The Extra Man: Kevin Kline, Too Twee for Us

Kevin Kline, Paul Dano, and John C. Reilly star in this twee comedy of lonely New York oddballs. All three are funny in their various maladjusted ways: Kline as an asexual prig who precariously survives as a walker of blue-haired Upper East Side widows; Dano as the sexually confused college grad who fancies himself a Fitzgerald hero; and Reilly as the silent, Sasquatch-haired troll who lives beneath their stairs. But the original 1998 Jonathan Ames novel was pretty slight; and the best directors Shari Springer Berman and Robert Pulcini can do with the material is leap from one shaggy episode to the next. They don’t look for depth in these Odd Couple antics, because, unlike their American Splendor, there isn’t any. (Ames, obviously, is no Pekar.) Dano must grow up; Kline does aerobics to classical music; and Reilly eventually speaks (sings, even).
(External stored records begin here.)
(* Let $H$ be an undirected graph with $|V(H)|\le 11$. Then every acyclic orientation $\vec H$ of $H$ satisfies $\mathrm{dtw}(\vec H)\le 2$.
   Context: For a DAG $\vec H$, a source is a vertex of in-degree $0$; $S$ denotes the set of sources; $R(s)$ is the set of vertices reachable from $s$, and $R(B)=\bigcup_{s\in B}R(s)$. A DAG tree decomposition of $\vec H$ is a tree $T$ whose nodes (bags) are subsets of $S$ such that every source lies in some bag and, for any bags $B,B_1,B_2$ with $B$ on the path between $B_1$ and $B_2$ in $T$, $R(B_1)\cap R(B_2)\subseteq R(B)$; its width is the maximum bag size and $\mathrm{dtw}(\vec H)$ is the minimum width. *)

theory Defs
  imports Main
begin

definition undirected_graph :: "'a set \<Rightarrow> ('a \<Rightarrow> 'a \<Rightarrow> bool) \<Rightarrow> bool" where
  "undirected_graph V E \<longleftrightarrow> finite V \<and>
     (\<forall>u v. E u v \<longrightarrow> u \<in> V \<and> v \<in> V) \<and>
     (\<forall>u v. E u v \<longrightarrow> E v u) \<and> (\<forall>v. \<not> E v v)"

definition orientation :: "('a \<Rightarrow> 'a \<Rightarrow> bool) \<Rightarrow> ('a \<Rightarrow> 'a \<Rightarrow> bool) \<Rightarrow> bool" where
  "orientation E A \<longleftrightarrow> (\<forall>u v. A u v \<longrightarrow> E u v) \<and>
     (\<forall>u v. E u v \<longrightarrow> (A u v \<or> A v u)) \<and> (\<forall>u v. A u v \<longrightarrow> \<not> A v u)"

definition acyclic_orientation :: "('a \<Rightarrow> 'a \<Rightarrow> bool) \<Rightarrow> ('a \<Rightarrow> 'a \<Rightarrow> bool) \<Rightarrow> bool" where
  "acyclic_orientation E A \<longleftrightarrow> orientation E A \<and> (\<forall>v. \<not> A\<^sup>+\<^sup>+ v v)"

definition sources :: "'a set \<Rightarrow> ('a \<Rightarrow> 'a \<Rightarrow> bool) \<Rightarrow> 'a set" where
  "sources V A = {v \<in> V. \<forall>u. \<not> A u v}"

definition reach :: "('a \<Rightarrow> 'a \<Rightarrow> bool) \<Rightarrow> 'a \<Rightarrow> 'a set" where
  "reach A s = {v. A\<^sup>*\<^sup>* s v}"

definition reach_set :: "('a \<Rightarrow> 'a \<Rightarrow> bool) \<Rightarrow> 'a set \<Rightarrow> 'a set" where
  "reach_set A B = (\<Union>s\<in>B. reach A s)"

definition is_walk :: "(nat \<Rightarrow> nat \<Rightarrow> bool) \<Rightarrow> nat list \<Rightarrow> bool" where
  "is_walk T p \<longleftrightarrow> p \<noteq> [] \<and> (\<forall>i. Suc i < length p \<longrightarrow> T (p ! i) (p ! Suc i))"

definition simple_path :: "(nat \<Rightarrow> nat \<Rightarrow> bool) \<Rightarrow> nat \<Rightarrow> nat \<Rightarrow> nat list \<Rightarrow> bool" where
  "simple_path T x y p \<longleftrightarrow> is_walk T p \<and> distinct p \<and> hd p = x \<and> last p = y"

definition is_cycle :: "(nat \<Rightarrow> nat \<Rightarrow> bool) \<Rightarrow> nat list \<Rightarrow> bool" where
  "is_cycle T c \<longleftrightarrow> length c \<ge> 3 \<and> is_walk T c \<and> distinct c \<and> T (last c) (hd c)"

definition tree :: "nat set \<Rightarrow> (nat \<Rightarrow> nat \<Rightarrow> bool) \<Rightarrow> bool" where
  "tree N T \<longleftrightarrow> finite N \<and> N \<noteq> {} \<and>
     (\<forall>u v. T u v \<longrightarrow> u \<in> N \<and> v \<in> N) \<and>
     (\<forall>u v. T u v \<longrightarrow> T v u) \<and> (\<forall>v. \<not> T v v) \<and>
     (\<forall>x\<in>N. \<forall>y\<in>N. \<exists>p. simple_path T x y p) \<and>
     (\<forall>c. \<not> is_cycle T c)"

definition on_path :: "(nat \<Rightarrow> nat \<Rightarrow> bool) \<Rightarrow> nat \<Rightarrow> nat \<Rightarrow> nat \<Rightarrow> bool" where
  "on_path T t1 t2 t \<longleftrightarrow> (\<exists>p. simple_path T t1 t2 p \<and> t \<in> set p)"

definition dag_tree_decomposition ::
  "'a set \<Rightarrow> ('a \<Rightarrow> 'a \<Rightarrow> bool) \<Rightarrow> nat set \<Rightarrow> (nat \<Rightarrow> nat \<Rightarrow> bool) \<Rightarrow> (nat \<Rightarrow> 'a set) \<Rightarrow> bool" where
  "dag_tree_decomposition V A N T bag \<longleftrightarrow> tree N T \<and>
     (\<forall>t\<in>N. bag t \<subseteq> sources V A) \<and>
     (\<forall>s\<in>sources V A. \<exists>t\<in>N. s \<in> bag t) \<and>
     (\<forall>t1\<in>N. \<forall>t2\<in>N. \<forall>t\<in>N. on_path T t1 t2 t \<longrightarrow>
        reach_set A (bag t1) \<inter> reach_set A (bag t2) \<subseteq> reach_set A (bag t))"

definition dtd_width :: "nat set \<Rightarrow> (nat \<Rightarrow> 'a set) \<Rightarrow> nat" where
  "dtd_width N bag = Max ((\<lambda>t. card (bag t)) ` N)"

definition dtw :: "'a set \<Rightarrow> ('a \<Rightarrow> 'a \<Rightarrow> bool) \<Rightarrow> nat" where
  "dtw V A = (LEAST k. \<exists>N T bag. dag_tree_decomposition V A N T bag \<and> dtd_width N bag = k)"

end

theory Submission
  imports Defs
begin

(*
  Let S(v) be the set of sources from which v is reachable. The sets S(v) of size at least two
  form a family F with |Union F| + |F| <= |V| <= 11: their union consists of sources, and they
  are indexed by non-sources.

  The combinatorial core: for every finite family F of sets of size at least two with
  |Union F| + |F| <= 11 there is a set C of at most two points such that the members of F
  missing C are pairwise disjoint 2-sets. Deleting a point of degree d (with all members
  through it) lowers |Union F| + |F| by at least d + 1, so a point of degree three, or of
  degree two when there is slack, reduces the problem to one point and bound 7, which yields
  to a short case analysis. The remaining families have all degrees at most two, hence at
  most five members, and are settled by a case analysis on |F| and |Union F|.

  Given C, take the star with centre bag C whose leaves are the residual 2-sets and the
  single remaining sources. A vertex v reachable from two different leaves has |S(v)| >= 2,
  so S(v) is in F. A leaf meeting a residual 2-set is that 2-set, and S(v) meets both
  leaves, so S(v) is not residual: it meets C, and v is reachable from C.
*)

section \<open>Deleting points from a set family\<close>

definition nonsingleton_family :: "'a set set \<Rightarrow> bool" where
  "nonsingleton_family F \<longleftrightarrow> finite F \<and> (\<forall>e\<in>F. 2 \<le> card e)"

definition avoiding :: "'a set set \<Rightarrow> 'a set \<Rightarrow> 'a set set" where
  "avoiding F C = {e \<in> F. e \<inter> C = {}}"

definition pair_matching :: "'a set set \<Rightarrow> bool" where
  "pair_matching M \<longleftrightarrow> (\<forall>e\<in>M. card e = 2) \<and> pairwise disjnt M"

definition reducible_to_matching :: "'a set set \<Rightarrow> nat \<Rightarrow> bool" where
  "reducible_to_matching F k \<longleftrightarrow> (\<exists>C\<subseteq>\<Union>F. card C \<le> k \<and> pair_matching (avoiding F C))"

definition degree :: "'a set set \<Rightarrow> 'a \<Rightarrow> nat" where
  "degree F x = card {e \<in> F. x \<in> e}"

definition weight :: "'a set set \<Rightarrow> nat" where
  "weight F = card (\<Union>F) + card F"

lemma nonsingleton_familyD:
  assumes "nonsingleton_family F"
  shows "finite F" and "e \<in> F \<Longrightarrow> 2 \<le> card e" and "e \<in> F \<Longrightarrow> finite e"
  using assms card.infinite unfolding nonsingleton_family_def by fastforce+

lemma finite_Union_nonsingleton_family: "nonsingleton_family F \<Longrightarrow> finite (\<Union>F)"
  using nonsingleton_familyD by blast

lemma avoiding_subset: "avoiding F C \<subseteq> F"
  unfolding avoiding_def by auto

lemma avoiding_insert: "avoiding F (insert x C) = avoiding (avoiding F {x}) C"
  unfolding avoiding_def by auto

lemma nonsingleton_family_avoiding: "nonsingleton_family F \<Longrightarrow> nonsingleton_family (avoiding F C)"
  unfolding nonsingleton_family_def avoiding_def by auto

lemma pair_matching_subset_singleton: "M \<subseteq> {g} \<Longrightarrow> card g = 2 \<Longrightarrow> pair_matching M"
  unfolding pair_matching_def pairwise_def by auto

lemma reducible_to_matchingI:
  "C \<subseteq> \<Union>F \<Longrightarrow> card C \<le> k \<Longrightarrow> pair_matching (avoiding F C) \<Longrightarrow> reducible_to_matching F k"
  unfolding reducible_to_matching_def by blast

lemma reducible_to_matching_if_avoiding_subset_pair:
  "C \<subseteq> \<Union>F \<Longrightarrow> card C \<le> k \<Longrightarrow> avoiding F C \<subseteq> {g} \<Longrightarrow> card g = 2 \<Longrightarrow>
    reducible_to_matching F k"
  by (rule reducible_to_matchingI) (auto intro: pair_matching_subset_singleton)

lemma reducible_to_matching_if_avoiding_empty:
  "C \<subseteq> \<Union>F \<Longrightarrow> card C \<le> k \<Longrightarrow> avoiding F C = {} \<Longrightarrow> reducible_to_matching F k"
  by (rule reducible_to_matchingI) (auto simp: pair_matching_def)

lemma reducible_to_matching_insert:
  assumes "x \<in> \<Union>F" and "reducible_to_matching (avoiding F {x}) k"
  shows "reducible_to_matching F (Suc k)"
proof -
  obtain C where C: "C \<subseteq> \<Union>(avoiding F {x})" "card C \<le> k"
    and M: "pair_matching (avoiding (avoiding F {x}) C)"
    using assms(2) unfolding reducible_to_matching_def by blast
  have "C \<subseteq> \<Union>F" using C(1) avoiding_subset by blast
  have "card (insert x C) \<le> Suc k"
    using C(2) card_insert_le_m1[of "Suc k" C x] by simp
  moreover have "pair_matching (avoiding F (insert x C))"
    using M by (subst avoiding_insert)
  ultimately show ?thesis
    using assms(1) \<open>C \<subseteq> \<Union>F\<close> by (intro reducible_to_matchingI) auto
qed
The whimsy is so lacquered with retro-’70s nostalgia that it’s a shock when Dano actually pulls out a cell phone and goes to work in an office equipped with computers and Katie Holmes. (The latter is quite amusing as a selfish hippie chick eventually bitten in the ass by her Dave Matthews Band philosophy.) Without much of a story, you’re left with three eccentrics who could be sidekicks in three separate movies. In this one, the trio are badly in need of leadership that never comes.